EXERCISE DIRECTIONS:
Would you return the lines from the one that contains "show ?thesis unfolding cantor_measure_def" to the last line of the entries below, exactly and with nothing added?

DATASET CONTENT:
lemma flip_invariant_A_set: "ideal_on I \<Longrightarrow> flip_invariant (A_set I x)"
  unfolding flip_invariant_def using flip_in_A_set flip_flip_same by metis

lemma I_convergent_series_if_flip_UNIV:
  assumes I: "ideal_on I" and "t \<in> A_set I x" and "flip UNIV t \<in> A_set I x"
  shows "I_convergent_series I x"
proof -
  obtain L M where "I_tendsto I (selected_sum x t) L" "I_tendsto I (selected_sum x (flip UNIV t)) M"
    using assms by (auto simp: mem_A_set_iff)
  from I_tendsto_add[OF I this]
  have "I_tendsto I (\<lambda>n. selected_sum x t n + selected_sum x (flip UNIV t) n) (L + M)" .
  moreover have "selected_sum x t n + selected_sum x (flip UNIV t) n = (\<Sum>k\<le>n. x k)" for n
    unfolding selected_sum_def sum.distrib[symmetric] by (intro sum.cong) (auto simp: flip_def)
  ultimately show ?thesis unfolding I_convergent_series_def by auto
qed

lemma emeasure_bernoulli_half_vimage_Not:
  "emeasure (measure_pmf (bernoulli_pmf (1/2))) (Not -` S) = emeasure (measure_pmf (bernoulli_pmf (1/2))) S"
proof -
  have "card (Not -` S) = card S"
    by (rule card_vimage_inj) (auto simp: inj_def image_def intro: exI[of _ "\<not> x" for x])
  then show ?thesis
    unfolding measure_pmf_bernoulli_half by (simp add: emeasure_uniform_count_measure)
qed

lemma measurable_flip: "flip G \<in> cantor_measure \<rightarrow>\<^sub>M cantor_measure"
  unfolding cantor_measure_def
proof (rule measurable_PiM_single)
  fix A i
  show "{t \<in> space (Pi\<^sub>M UNIV (\<lambda>_. measure_pmf (bernoulli_pmf (1/2)))). flip G t i \<in> A}
      \<in> sets (Pi\<^sub>M UNIV (\<lambda>_. measure_pmf (bernoulli_pmf (1/2))))"
    unfolding flip_def by (rule sets_Collect_single') auto
qed (simp add: space_PiM)

lemma distr_flip_cantor_measure: "distr cantor_measure cantor_measure (flip G) = cantor_measure"
proof -
  define B where "B = measure_pmf (bernoulli_pmf (1/2))"
  have C: "cantor_measure = PiM UNIV (\<lambda>_. B)" by (simp add: cantor_measure_def B_def)
  have "PiM UNIV (\<lambda>_::nat. B) = distr (PiM UNIV (\<lambda>_. B)) (PiM UNIV (\<lambda>_. B)) (flip G)"
  proof (rule measure_eqI_PiM_infinite[OF refl])
    have "prob_space (PiM UNIV (\<lambda>_::nat. B))"
      unfolding B_def by (intro prob_space_PiM prob_space_measure_pmf)
    then show "finite_measure (PiM UNIV (\<lambda>_::nat. B))" by (simp add: prob_space_def)
    fix A :: "nat \<Rightarrow> bool set" and J :: "nat set" assume J: "finite J"
    define A' where "A' j = (if j \<in> G then Not -` A j else A j)" for j
    have "flip G -` prod_emb UNIV (\<lambda>_. B) J (Pi\<^sub>E J A) \<inter> space (PiM UNIV (\<lambda>_. B))
        = prod_emb UNIV (\<lambda>_. B) J (Pi\<^sub>E J A')"
      by (auto simp: prod_emb_def flip_def PiE_iff space_PiM A'_def B_def) (drule (1) bspec, simp)+
    then have "emeasure (distr (PiM UNIV (\<lambda>_. B)) (PiM UNIV (\<lambda>_. B)) (flip G)) (prod_emb UNIV (\<lambda>_. B) J (Pi\<^sub>E J A))
        = emeasure (PiM UNIV (\<lambda>_. B)) (prod_emb UNIV (\<lambda>_. B) J (Pi\<^sub>E J A'))"
      using J measurable_flip[of G] unfolding C by (subst emeasure_distr) (auto intro!: sets_PiM_I simp: B_def)
    also have "\<dots> = (\<Prod>j\<in>J. emeasure B (A' j))"
      using J unfolding B_def by (intro emeasure_PiM_emb prob_space_measure_pmf) auto
    also have "\<dots> = (\<Prod>j\<in>J. emeasure B (A j))"
      by (intro prod.cong refl) (simp add: A'_def B_def emeasure_bernoulli_half_vimage_Not)
    also have "\<dots> = emeasure (PiM UNIV (\<lambda>_. B)) (prod_emb UNIV (\<lambda>_. B) J (Pi\<^sub>E J A))"
      using J unfolding B_def by (intro emeasure_PiM_emb[symmetric] prob_space_measure_pmf) auto
    finally show "emeasure (PiM UNIV (\<lambda>_. B)) (prod_emb UNIV (\<lambda>_. B) J (Pi\<^sub>E J A)) =
        emeasure (distr (PiM UNIV (\<lambda>_. B)) (PiM UNIV (\<lambda>_. B)) (flip G)) (prod_emb UNIV (\<lambda>_. B) J (Pi\<^sub>E J A))"
      by simp
  qed simp
  then show ?thesis unfolding C by simp
qed

lemma sets_vimage_flip: "S \<in> sets cantor_measure \<Longrightarrow> flip G -` S \<in> sets cantor_measure"
  using measurable_sets[OF measurable_flip, of S G] by simp

lemma emeasure_vimage_flip:
  assumes "S \<in> sets cantor_measure"
  shows "emeasure cantor_measure (flip G -` S) = emeasure cantor_measure S"
  using emeasure_distr[OF measurable_flip assms, of G] by (simp add: distr_flip_cantor_measure)

lemma null_sets_vimage_flip: "N \<in> null_sets cantor_measure \<Longrightarrow> flip G -` N \<in> null_sets cantor_measure"
  using emeasure_vimage_flip[of N G] sets_vimage_flip[of N G] by (auto simp: null_sets_def)

lemma measure_completion_Un_null:
  assumes "N \<subseteq> N'" "N' \<in> null_sets M" "S \<in> sets M"
  shows "measure (completion M) (S \<union> N) = measure M S"
proof -
  have "N \<in> null_sets (completion M)"
    using null_sets_completionI[OF assms(2)] null_sets_completion[OF assms(2,1)] assms(1)
    by (blast intro: null_sets_subset)
  then show ?thesis using assms(3) by (simp add: measure_Un_null_set)
qed

lemma measure_completion_vimage_flip:
  assumes "A \<in> sets (completion cantor_measure)"
  shows "measure (completion cantor_measure) (flip G -` A) = measure (completion cantor_measure) A"
proof -
  obtain S N N' where A: "A = S \<union> N" "N \<subseteq> N'" "N' \<in> null_sets cantor_measure" "S \<in> sets cantor_measure"
    using sets_completionE[OF assms] by metis
  then have "flip G -` A = flip G -` S \<union> flip G -` N" and "flip G -` N \<subseteq> flip G -` N'"
    by auto
  then have "measure (completion cantor_measure) (flip G -` A) = measure cantor_measure (flip G -` S)"
    using null_sets_vimage_flip[OF A(3)] sets_vimage_flip[OF A(4)]
    by (simp add: measure_completion_Un_null)
  also have "\<dots> = measure cantor_measure S"
    using emeasure_vimage_flip[OF A(4)] by (simp add: measure_def)
  also have "\<dots> = measure (completion cantor_measure) A"
    unfolding A(1) using A by (intro measure_completion_Un_null[symmetric])
  finally show ?thesis .
qed

definition coordinate_events :: "nat \<Rightarrow> (nat \<Rightarrow> bool) set set" where
  "coordinate_events i = sigma_sets UNIV
     {(\<lambda>t. t i) -` X \<inter> UNIV | X. X \<in> sets (measure_pmf (bernoulli_pmf (1/2)))}"

lemma indep_sets_coordinate_events: "prob_space.indep_sets cantor_measure coordinate_events UNIV"
proof -
  interpret prob_space cantor_measure by (rule prob_space_cantor_measure)
  define B where "B = measure_pmf (bernoulli_pmf (1/2))"
  have C: "cantor_measure = PiM UNIV (\<lambda>_. B)" by (simp add: cantor_measure_def B_def)
  have coordinate: "(\<lambda>t. t i) \<in> cantor_measure \<rightarrow>\<^sub>M B" for i
    unfolding C by (rule measurable_component_singleton) simp
  have "indep_vars (\<lambda>_. B) (\<lambda>i t. t i) UNIV"
  proof (subst indep_vars_iff_distr_eq_PiM)
    have "distr cantor_measure B (\<lambda>t. t i) = B" for i
      unfolding C B_def by (rule distr_PiM_component) (auto intro: prob_space_measure_pmf)
    moreover have "(\<lambda>t::nat \<Rightarrow> bool. \<lambda>i\<in>UNIV. t i) = (\<lambda>t. t)" by (simp add: fun_eq_iff)
    ultimately show "distr cantor_measure (Pi\<^sub>M UNIV (\<lambda>_. B)) (\<lambda>t. \<lambda>i\<in>UNIV. t i)
        = Pi\<^sub>M UNIV (\<lambda>i. distr cantor_measure B (\<lambda>t. t i))"
      by (simp add: C[symmetric])
  qed (use coordinate in auto)
  then show ?thesis unfolding indep_vars_def coordinate_events_def B_def by simp
qed

lemma measurable_clear_prefix:
  "(\<lambda>t i. if i < n then False else t i) \<in> sigma UNIV (\<Union>(coordinate_events ` {n..})) \<rightarrow>\<^sub>M cantor_measure"
proof -
  let ?M = "sigma UNIV (\<Union>(coordinate_events ` {n..}))"
  have sets_M: "sets ?M = sigma_sets UNIV (\<Union>(coordinate_events ` {n..}))"
    by (rule sets_measure_of) auto
  show ?thesis unfolding cantor_measure_def
  proof (rule measurable_PiM_single)
    fix X i assume X: "X \<in> sets (measure_pmf (bernoulli_pmf (1/2)))"
    show "{t \<in> space ?M. (if i < n then False else t i) \<in> X} \<in> sets ?M"
    proof (cases "i < n")
      case False
      have "(\<lambda>t. t i) -` X \<inter> UNIV \<in> coordinate_events i"
        unfolding coordinate_events_def by (rule sigma_sets.Basic) (use X in blast)
      then have "(\<lambda>t. t i) -` X \<inter> UNIV \<in> \<Union>(coordinate_events ` {n..})" using False by auto
      moreover have "{t \<in> space ?M. (if i < n then False else t i) \<in> X} = (\<lambda>t. t i) -` X \<inter> UNIV"
        using False by auto
      ultimately show ?thesis unfolding sets_M by (simp only:) (rule sigma_sets.Basic)
    next
      case True
      then have "{t \<in> space ?M. (if i < n then False else t i) \<in> X} = (if False \<in> X then space ?M else {})"
        by auto
      then show ?thesis by (simp add: sigma_sets_top sigma_sets.Empty)
    qed
  qed simp
qed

EXERCISE OUTPUT:
  show ?thesis unfolding cantor_measure_def
  proof (rule measurable_PiM_single)
    fix X i assume X: "X \<in> sets (measure_pmf (bernoulli_pmf (1/2)))"
    show "{t \<in> space ?M. (if i < n then False else t i) \<in> X} \<in> sets ?M"
    proof (cases "i < n")
      case False
      have "(\<lambda>t. t i) -` X \<inter> UNIV \<in> coordinate_events i"
        unfolding coordinate_events_def by (rule sigma_sets.Basic) (use X in blast)
      then have "(\<lambda>t. t i) -` X \<inter> UNIV \<in> \<Union>(coordinate_events ` {n..})" using False by auto
      moreover have "{t \<in> space ?M. (if i < n then False else t i) \<in> X} = (\<lambda>t. t i) -` X \<inter> UNIV"
        using False by auto
      ultimately show ?thesis unfolding sets_M by (simp only:) (rule sigma_sets.Basic)
    next
      case True
      then have "{t \<in> space ?M. (if i < n then False else t i) \<in> X} = (if False \<in> X then space ?M else {})"
        by auto
      then show ?thesis by (simp add: sigma_sets_top sigma_sets.Empty)
    qed
  qed simp
qed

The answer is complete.